Spatial representation of the normative model. These maps show the predictions made by the normative model for the (fictitous) data points described in Figure 3, obtained after retraining the model using all available data. (A) The expected response. This shows increasing engagement of a network of brain regions with increasing overall delay discounting (rows). The numeral indexing in each row corresponds to the points in covariate space described in Figure 3. To assist visualization, these images have been rescaled such that the maximum across all images is equal to one. (B) An example of the expected variation, which was relatively constant for these points. This image has been rescaled such that the maximum variance in the image is equal to 1. (C) The standardized mean squared error for the normative model under cross-validation (averaged across all cross-validation folds).
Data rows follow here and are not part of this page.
(* Let $N,d\ge1$, $\lambda,\tau>0$, and let $\psi:[0,\infty)\to(0,\infty)$ be positive, nonincreasing, differentiable with $\psi(r)\le1$ for all $r\ge0$. Let $(x_i,v_i)_{i=1}^N$ solve $$\dot x_i(t)=v_i(t),\qquad \dot v_i(t)=\frac{\lambda}{N}\sum_{j=1}^N\psi(|x_i(t-\tau)-x_j(t-\tau)|)\,(v_j(t-\tau)-v_i(t-\tau)),\qquad t>0,$$ with initial data $(x_i,v_i)=(x_i^0,v_i^0)$ on $[-\tau,0]$, $(x_i^0,v_i^0)\in C([-\tau,0];\mathbb{R}^{2d})\cap C^1((-\tau,0);\mathbb{R}^{2d})$. Then for any $\delta>0$, $$\frac{d}{dt}V(t)\le 2(\delta-1)\lambda\widetilde D(t)+\frac{2\tau\lambda^3}{\delta}\int_{t-\tau}^t\widetilde D(s)\,ds\qquad\text{for all } t>\tau.$$
   Context: $V(t):=\frac12\sum_{i,j=1}^N|v_i(t)-v_j(t)|^2$, $D(t):=\frac12\sum_{i,j=1}^N\psi(|x_i(t)-x_j(t)|)\,|v_j(t)-v_i(t)|^2$, and $\widetilde D(t):=D(t-\tau)$. *)

theory Defs
  imports "HOL-Analysis.Analysis"
begin

definition Vfun :: "nat \<Rightarrow> (nat \<Rightarrow> real \<Rightarrow> 'a::euclidean_space) \<Rightarrow> real \<Rightarrow> real" where
  "Vfun N v t = (1/2) * (\<Sum>i\<in>{1..N}. \<Sum>j\<in>{1..N}. (norm (v i t - v j t))\<^sup>2)"

definition Dfun :: "nat \<Rightarrow> (real \<Rightarrow> real) \<Rightarrow> (nat \<Rightarrow> real \<Rightarrow> 'a::euclidean_space)
    \<Rightarrow> (nat \<Rightarrow> real \<Rightarrow> 'a) \<Rightarrow> real \<Rightarrow> real" where
  "Dfun N \<psi> x v t = (1/2) * (\<Sum>i\<in>{1..N}. \<Sum>j\<in>{1..N}.
      \<psi> (norm (x i t - x j t)) * (norm (v j t - v i t))\<^sup>2)"

end

theory Submission
  imports Defs
begin

text \<open>Write \<open>F\<^sub>i(s)\<close> for the undelayed alignment force, so that
\<open>v\<^sub>i'(t) = F\<^sub>i(t - \<tau>)\<close>. By antisymmetry of the interaction \<open>\<Sum>\<^sub>i F\<^sub>i = 0\<close>, hence
\<open>V'(t) = 2N \<Sum>\<^sub>i \<langle>v\<^sub>i(t), F\<^sub>i(t - \<tau>)\<rangle>\<close>. Splitting \<open>v\<^sub>i(t) = v\<^sub>i(t - \<tau>) + (v\<^sub>i(t) - v\<^sub>i(t - \<tau>))\<close>,
the first part contributes exactly \<open>-2\<lambda> D(t - \<tau>)\<close>, again by symmetry. The increment is the
integral of \<open>F\<^sub>i(s - \<tau>)\<close> over \<open>[t - \<tau>, t]\<close>; pairing it with \<open>F\<^sub>i(t - \<tau>)\<close> and applying Young's
inequality with weight \<open>\<delta> / (\<lambda> \<tau>)\<close> together with \<open>\<Sum>\<^sub>i |F\<^sub>i|\<^sup>2 \<le> (2\<lambda>\<^sup>2 / N) D\<close>
(Cauchy-Schwarz and \<open>\<psi> \<le> 1\<close>) gives the two remaining terms.\<close>

lemma sum_sum_scaleR_diff_eq_0_if_symmetric:
  fixes w :: "'b \<Rightarrow> 'a::real_vector"
  assumes sym: "\<And>i j. p i j = p j i"
  shows "(\<Sum>i\<in>I. \<Sum>j\<in>I. p i j *\<^sub>R (w j - w i)) = 0"
proof -
  have "(\<Sum>i\<in>I. \<Sum>j\<in>I. p i j *\<^sub>R w j) = (\<Sum>j\<in>I. \<Sum>i\<in>I. p i j *\<^sub>R w j)"
    by (rule sum.swap)
  also have "\<dots> = (\<Sum>i\<in>I. \<Sum>j\<in>I. p i j *\<^sub>R w i)"
    by (intro sum.cong refl) (metis sym)
  finally show ?thesis by (simp add: scaleR_diff_right sum_subtractf)
qed

lemma sum_sum_inner_diff_if_symmetric:
  fixes w :: "'b \<Rightarrow> 'a::real_inner"
  assumes sym: "\<And>i j. p i j = p j i"
  shows "(\<Sum>i\<in>I. \<Sum>j\<in>I. p i j * inner (w i) (w j - w i))
       = -(1/2) * (\<Sum>i\<in>I. \<Sum>j\<in>I. p i j * (norm (w j - w i))\<^sup>2)"
proof -
  let ?S = "\<Sum>i\<in>I. \<Sum>j\<in>I. p i j * inner (w i) (w j - w i)"
  have "?S = (\<Sum>j\<in>I. \<Sum>i\<in>I. p i j * inner (w i) (w j - w i))"
    by (rule sum.swap)
  also have "\<dots> = (\<Sum>i\<in>I. \<Sum>j\<in>I. p i j * inner (w j) (w i - w j))"
    by (intro sum.cong refl) (metis sym)
  finally have "?S + ?S = (\<Sum>i\<in>I. \<Sum>j\<in>I. p i j * (inner (w i) (w j - w i) + inner (w j) (w i - w j)))"
    by (simp add: sum.distrib distrib_left)
  also have "\<dots> = (\<Sum>i\<in>I. \<Sum>j\<in>I. - (p i j * (norm (w j - w i))\<^sup>2))"
    by (intro sum.cong refl)
       (simp add: power2_norm_eq_inner inner_diff_left inner_diff_right inner_commute algebra_simps)
  finally show ?thesis by (simp add: sum_negf)
qed

lemma sum_sum_inner_diff_diff:
  fixes a b :: "'b \<Rightarrow> 'a::real_inner"
  shows "(\<Sum>i\<in>I. \<Sum>j\<in>I. inner (a i - a j) (b i - b j))
     = 2 * card I * (\<Sum>i\<in>I. inner (a i) (b i)) - 2 * inner (sum a I) (sum b I)"
proof -
  have expand: "inner (a i - a j) (b i - b j)
      = inner (a i) (b i) + inner (a j) (b j) - inner (a i) (b j) - inner (a j) (b i)" for i j
    by (simp add: inner_diff_left inner_diff_right algebra_simps)
  have "(\<Sum>i\<in>I. \<Sum>j\<in>I. inner (a i) (b j)) = inner (sum a I) (sum b I)"
    by (simp add: inner_sum_left inner_sum_right) (rule sum.swap)
  moreover have "(\<Sum>i\<in>I. \<Sum>j\<in>I. inner (a j) (b i)) = inner (sum a I) (sum b I)"
    by (simp add: inner_sum_left inner_sum_right)
  ultimately show ?thesis
    unfolding expand by (simp add: sum_subtractf sum.distrib sum_distrib_left mult.assoc)
qed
Comparison with (A) shows that the regions that could be accurately predicted (cool colors) correspond to regions that exhibit variation under different degrees of delay discounting.

Figure 5

The relationship between the overall deviance from the normative model and hyperactivity scores (center), along with the histograms of the component measures (left and bottom). This figure allows us to determine whether subjects that have high clinical symptoms show a good or a poor fit to the normative model. For illustrative purposes, contour lines show the density of points in the figure. Most points fit the normative model well, but some of these subjects also score highly on hyperactivity (blue arrow). Other subjects who score highly on hyperactivity do not fit the normative model (red arrow). Circled subjects are discussed further in the text. NPM, normative probability map.

Figure 6

(A) An unthresholded t-statistic image of the main task effect, estimated using a classical general linear model (reward-baseline). Warm colors indicate greater activation during reward, and blue colors indicate reduced activation during reward. We have shown an unthresholded map because this sample has very high power (being estimated from nearly 500 subjects). Thus, nearly all brain regions survive conventional statistical thresholding. (B) Normative probability maps that describe the brain regions that deviate from the normative model in the 10 subjects having the most extreme deviations (p < .05, false discovery rate corrected) (also see Figure S3 in Supplement 1). Warm colors indicate greater activity than would be predicted by the normative model, and cool colors indicate reduced activity relative to the normative model. Subjects are ranked by hyperactivity symptom scores with the rank indicated by the numerals (1 = highest hyperactivity). The two most extreme deviations circled in Figure 5 are indicated by red boxes.